TIMES MALUT – Pemberitaan mengenai nelayan di Kota Tidore Kepulauan, Maluku Utara yang mengaku dimintai uang hingga belasan juta oleh oknum pejabat di lingkup Dinas Kelautan dan Perikanan (DKP) Tidore agar memperoleh bantuan perahu hingga mesin dengan nominal uang yang disetor berkisar antara Rp 7-12 jutaan mendapat kecaman dari Ketua Bidang Advokasi Yayasan Bantuan Hukum Limau Tidore, Suyono Sahmil.
Pengacara asal Tidore Timur, Kota Tidore Kepulauan ini menjelaskan, bahwa pungutan, menurut Kamus Besar Bahasa Indonesia (KBBI) berarti (1) barang apa yang dipungut, (2) pendapatan dari memungut, sedangkan liar diartikan, salah satunya, “tidak teratur; tidak menurut aturan (hukum)”; atau “tidak resmi ditunjuk atau diakui oleh yang berwenang”. Dengan begitu, pungutan liar adalah pendapatan dari memungut yang tidak sesuai dengan aturan hukum alias tidak resmi.
“Nah, untuk memberantas aksi pungli ini, pemerintah mengeluarkan kebijakan Peraturan Presiden (Perpres) Nomor 87 tahun 2016 tentang Satuan Tugas Sapu Bersih Pungutan Liar (Satgas Saber Pungli),” terang Suyono, Senin, 28 Oktober 2024.

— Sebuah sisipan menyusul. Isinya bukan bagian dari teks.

(* For every $n\ge1$ (of either parity), the permutation representation of $S_n$ over $\mathbb{C}$ arising from the action of $S_n$ (by $\pi\cdot S=\pi(S)$) on the set of odd-sized subsets of $\{1,\dots,n\}$ does not unite conjugacy classes.
   Context: A representation $T$ of $G$ unites conjugacy classes if there are non-conjugate $\sigma,\tau\in G$ with $T(\sigma),T(\tau)$ similar matrices. *)

theory Defs
  imports "Jordan_Normal_Form.Matrix" "HOL-Combinatorics.Permutations"
begin

definition odd_subsets :: "nat \<Rightarrow> nat set set" where
  "odd_subsets n = {S. S \<subseteq> {1..n} \<and> odd (card S)}"

text \<open>A fixed enumeration of the odd-sized subsets (the choice does not affect
  the similarity class of the representation matrices).\<close>
definition odd_subsets_enum :: "nat \<Rightarrow> nat set list" where
  "odd_subsets_enum n = (SOME xs. distinct xs \<and> set xs = odd_subsets n)"

definition odd_perm_rep :: "nat \<Rightarrow> (nat \<Rightarrow> nat) \<Rightarrow> complex mat" where
  "odd_perm_rep n \<sigma> =
     (let xs = odd_subsets_enum n; N = length xs
      in mat N N (\<lambda>(i, j). if \<sigma> ` (xs ! j) = xs ! i then 1 else 0))"

end

theory Submission
  imports Defs "HOL-Combinatorics.Cycles" "HOL-Combinatorics.Orbits" "HOL-Number_Theory.Totient"
begin

text \<open>
  The trace of T(\<sigma>)^k = T(\<sigma>^k) counts the odd-sized \<sigma>^k-invariant subsets. An invariant
  set is a union of cycles, so this count is 0 if all cycles of \<sigma>^k have even length and
  2^(c - 1) otherwise, where c is the number of cycles of \<sigma>^k. The largest power 2^a dividing
  all cycle lengths of \<sigma> is read off from the traces as the least i for which \<sigma>^(2^i) has an
  odd cycle, and every \<sigma>^(2^a k) has one. So similar representations give, for every k, the
  same number of cycles of \<sigma>^(2^a k), namely the sum over x of gcd(l x, 2^a k) / l x, where
  l x is the length of the cycle through x. Inverting these sums by means of
  \<Sum>{\<phi> d | d dvd k} = k recovers the cycle type, and permutations of equal cycle type are
  conjugate.
\<close>

section \<open>Orbits and cycle lengths\<close>

lemma orbit_eq_range_funpow:
  assumes "permutation \<sigma>"
  shows "orbit \<sigma> x = range (\<lambda>i. (\<sigma> ^^ i) x)"
  using orbit_altdef_permutation[OF assms] by auto

lemma card_orbit_eq_least_power:
  assumes "permutation \<sigma>"
  shows "card (orbit \<sigma> x) = least_power \<sigma> x"
proof -
  have "orbit \<sigma> x = set (support \<sigma> x)"
    using support_set[OF assms] orbit_eq_range_funpow[OF assms] by simp
  then show ?thesis
    using distinct_card[OF cycle_of_permutation[OF assms]] by simp
qed

lemma orbit_eq_if_mem_orbit:
  assumes "permutation \<sigma>" "y \<in> orbit \<sigma> x"
  shows "orbit \<sigma> y = orbit \<sigma> x"
  using orbit_cyclic_eq3[OF cyclic_on_orbit'[OF assms(1)] assms(2)] .

lemma least_power_eq_if_mem_orbit:
  assumes "permutation \<sigma>" "y \<in> orbit \<sigma> x"
  shows "least_power \<sigma> y = least_power \<sigma> x"
  by (metis assms card_orbit_eq_least_power orbit_eq_if_mem_orbit)

lemma orbits_disjoint:
  assumes "permutation \<sigma>" "orbit \<sigma> x \<noteq> orbit \<sigma> y"
  shows "orbit \<sigma> x \<inter> orbit \<sigma> y = {}"
proof (rule ccontr)
  assume "orbit \<sigma> x \<inter> orbit \<sigma> y \<noteq> {}"
  then obtain z where "z \<in> orbit \<sigma> x" "z \<in> orbit \<sigma> y" by blast
  then show False
    using orbit_eq_if_mem_orbit[OF assms(1), of z x] orbit_eq_if_mem_orbit[OF assms(1), of z y] assms(2)
    by simp
qed

lemma image_orbit:
  assumes "permutation \<sigma>"
  shows "\<sigma> ` orbit \<sigma> x = orbit \<sigma> x"
proof
  show "\<sigma> ` orbit \<sigma> x \<subseteq> orbit \<sigma> x" by (auto intro: orbit.step)
  show "orbit \<sigma> x \<subseteq> \<sigma> ` orbit \<sigma> x"
  proof
    fix z assume "z \<in> orbit \<sigma> x"
    then have "Hilbert_Choice.inv \<sigma> z \<in> orbit \<sigma> x"
      using orbit_inv_eq[OF assms] by (metis orbit.step)
    moreover have "z = \<sigma> (Hilbert_Choice.inv \<sigma> z)"
      using assms by (metis bij_is_surj permutation_bijective surj_f_inv_f)
    ultimately show "z \<in> \<sigma> ` orbit \<sigma> x" by blast
  qed
qed

lemma orbit_subset_if_image_subset:
  assumes "\<sigma> ` S \<subseteq> S" "x \<in> S"
  shows "orbit \<sigma> x \<subseteq> S"
proof
  fix y assume "y \<in> orbit \<sigma> x"
  then show "y \<in> S" by induction (use assms in auto)
qed

lemma funpow_eq_iff_mod_least_power:
  assumes "permutation \<sigma>"
  shows "(\<sigma> ^^ i) x = (\<sigma> ^^ j) x \<longleftrightarrow> i mod least_power \<sigma> x = j mod least_power \<sigma> x"
proof -
  have "(\<sigma> ^^ i) x = (\<sigma> ^^ j) x \<longleftrightarrow> i mod least_power \<sigma> x = j mod least_power \<sigma> x"
    if "i \<le> j" for i j
  proof -
    have "(\<sigma> ^^ j) x = (\<sigma> ^^ i) ((\<sigma> ^^ (j - i)) x)"
      using that by (metis funpow_add le_add_diff_inverse o_apply)
    then have "(\<sigma> ^^ i) x = (\<sigma> ^^ j) x \<longleftrightarrow> (\<sigma> ^^ (j - i)) x = x"
      using assms by (metis bij_is_inj injD permutation_bijective permutation_funpow)
    also have "\<dots> \<longleftrightarrow> least_power \<sigma> x dvd j - i"
      using least_power_dvd[OF assms] by simp
    also have "\<dots> \<longleftrightarrow> i mod least_power \<sigma> x = j mod least_power \<sigma> x"
      using mod_eq_dvd_iff_nat[OF that] by (simp add: eq_commute)
    finally show ?thesis .
  qed
  then show ?thesis by (metis nat_le_linear)
qed

lemma dvd_mult_iff_div_gcd_dvd:
  fixes p k m :: nat
  assumes "p > 0"
  shows "p dvd k * m \<longleftrightarrow> p div gcd p k dvd m"
proof -
  obtain d e where d: "p = gcd p k * d" and e: "k = gcd p k * e"
    by (metis dvd_def gcd_dvd1 gcd_dvd2)
  have "gcd p k > 0" using assms by simp
  moreover have "coprime d e"
    using d e assms by (metis div_gcd_coprime gcd_eq_0_iff nonzero_mult_div_cancel_left not_gr0)
  ultimately have "p dvd k * m \<longleftrightarrow> d dvd m"
    using d e by (metis coprime_dvd_mult_right_iff mult.assoc nat_mult_dvd_cancel_disj not_gr0)
  moreover have "d = p div gcd p k"
    using d \<open>gcd p k > 0\<close> by (metis less_not_refl nonzero_mult_div_cancel_left)
  ultimately show ?thesis by simp
qed

lemma least_power_funpow:
  assumes "permutation \<sigma>"
  shows "least_power (\<sigma> ^^ k) x = least_power \<sigma> x div gcd (least_power \<sigma> x) k"
proof -
  let ?l = "least_power \<sigma> x"
  have "least_power (\<sigma> ^^ k) x dvd m \<longleftrightarrow> ?l div gcd ?l k dvd m" for m
  proof -
    have "least_power (\<sigma> ^^ k) x dvd m \<longleftrightarrow> (\<sigma> ^^ (k * m)) x = x"
      using least_power_dvd[OF permutation_funpow[OF assms]] by (simp add: funpow_mult)
    also have "\<dots> \<longleftrightarrow> ?l dvd k * m" using least_power_dvd[OF assms] by simp
    finally show ?thesis
      using dvd_mult_iff_div_gcd_dvd least_power_of_permutation(2)[OF assms] by simp
  qed
  then show ?thesis by (meson dvd_antisym dvd_refl)
qed

section \<open>Invariant subsets\<close>

definition orbits :: "('a \<Rightarrow> 'a) \<Rightarrow> 'a set \<Rightarrow> 'a set set" where
  "orbits \<sigma> A = orbit \<sigma> ` A"

definition invariant_subsets :: "('a \<Rightarrow> 'a) \<Rightarrow> 'a set \<Rightarrow> 'a set set" where
  "invariant_subsets \<sigma> A = {S. S \<subseteq> A \<and> \<sigma> ` S = S}"

definition odd_invariant_subsets :: "('a \<Rightarrow> 'a) \<Rightarrow> 'a set \<Rightarrow> 'a set set" where
  "odd_invariant_subsets \<sigma> A = {S \<in> invariant_subsets \<sigma> A. odd (card S)}"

Menurutnya, ide dasar dari pembentukan Perpres ini karena praktek pungutan liar telah merusak sendi kehidupan bermasyarakat, berbangsa, dan bernegara sehingga perlu upaya pemberantasan secara tegas, terpadu, efektif, efisien, dan mampu menimbulkan efek jera.
Iya lantas menyebutkan, terkait dugaan pungutan liar (pungli) itu dialami sejumlah nelayan di Kelurahan Mafututu, Kecamatan Tidore Timur, Kota Tidore Kepulauan sejak 2018-2024 sebagai Perbuatan Korupsi dan begitu memalukan.
Sebagaimana dalam pemberitaan, dugaan Praktik itu menyasar pada pengadaan bantuan perahu berbobot 2 gross tonage (GT) dengan mesin 15 PK, yang dianggarkan melalui Dana Alokasi Khusus (DAK) seperti dimuat artikel detiksulsel, “Oknum Pejabat DKP Tidore Diduga Pungli Bantuan Perahu Nelayan Rp 12 Juta” selengkapnya https://www.detik.com/sulsel/berita/d-7608359/oknum-pejabat-dkp-tidore-diduga-pungli-bantuan-perahu-nelayan-rp-12-juta.
“DAK ini kan Dana yang bersumber dari pendapatan APBN yang dialokasikan kepada Daerah tertentu, tujuannya untuk membantu mendanai kegiatan khusus yang merupakan urusan Daerah dan sesuai dengan prioritas nasional, dalam hal ini berkaitan dengan peningkatan sarana dan prasarana produksi perikanan. Tugas pemerintah yah menyalurkannya dalam bentuk barang, tinggal disalurkan saja masih juga dilakukan pungutan kepada Nelayan, kalau ini benar adanya, maka sungguh memalukan penyelenggaraan pemerintahan kita saat ini,” tutur Suyono.
Dirinya menjelaskan, dari aspek hukum, Pungli dapat dikategorikan sebagai tindak korupsi yang berhubungan dengan pemerasan, karena seorang pegawai negeri punya kekuasaan, dia memaksa orang lain untuk memberi atau melakukan sesuatu yang menguntungkan dirinya, sebagaimana dikutip dari Buku Panduan Anti Korupsi: Pahami Dulu Baru Lawan.
Lanjutnya, Korupsi terkait dengan pemerasan ini diatur dalam Pasal 12 huruf (e), (f), dan (g) UU Nomor 31 Tahun 1999 jo UU Nomor 20/2001 tentang Pemberantasan Tindak Pidana Korupsi.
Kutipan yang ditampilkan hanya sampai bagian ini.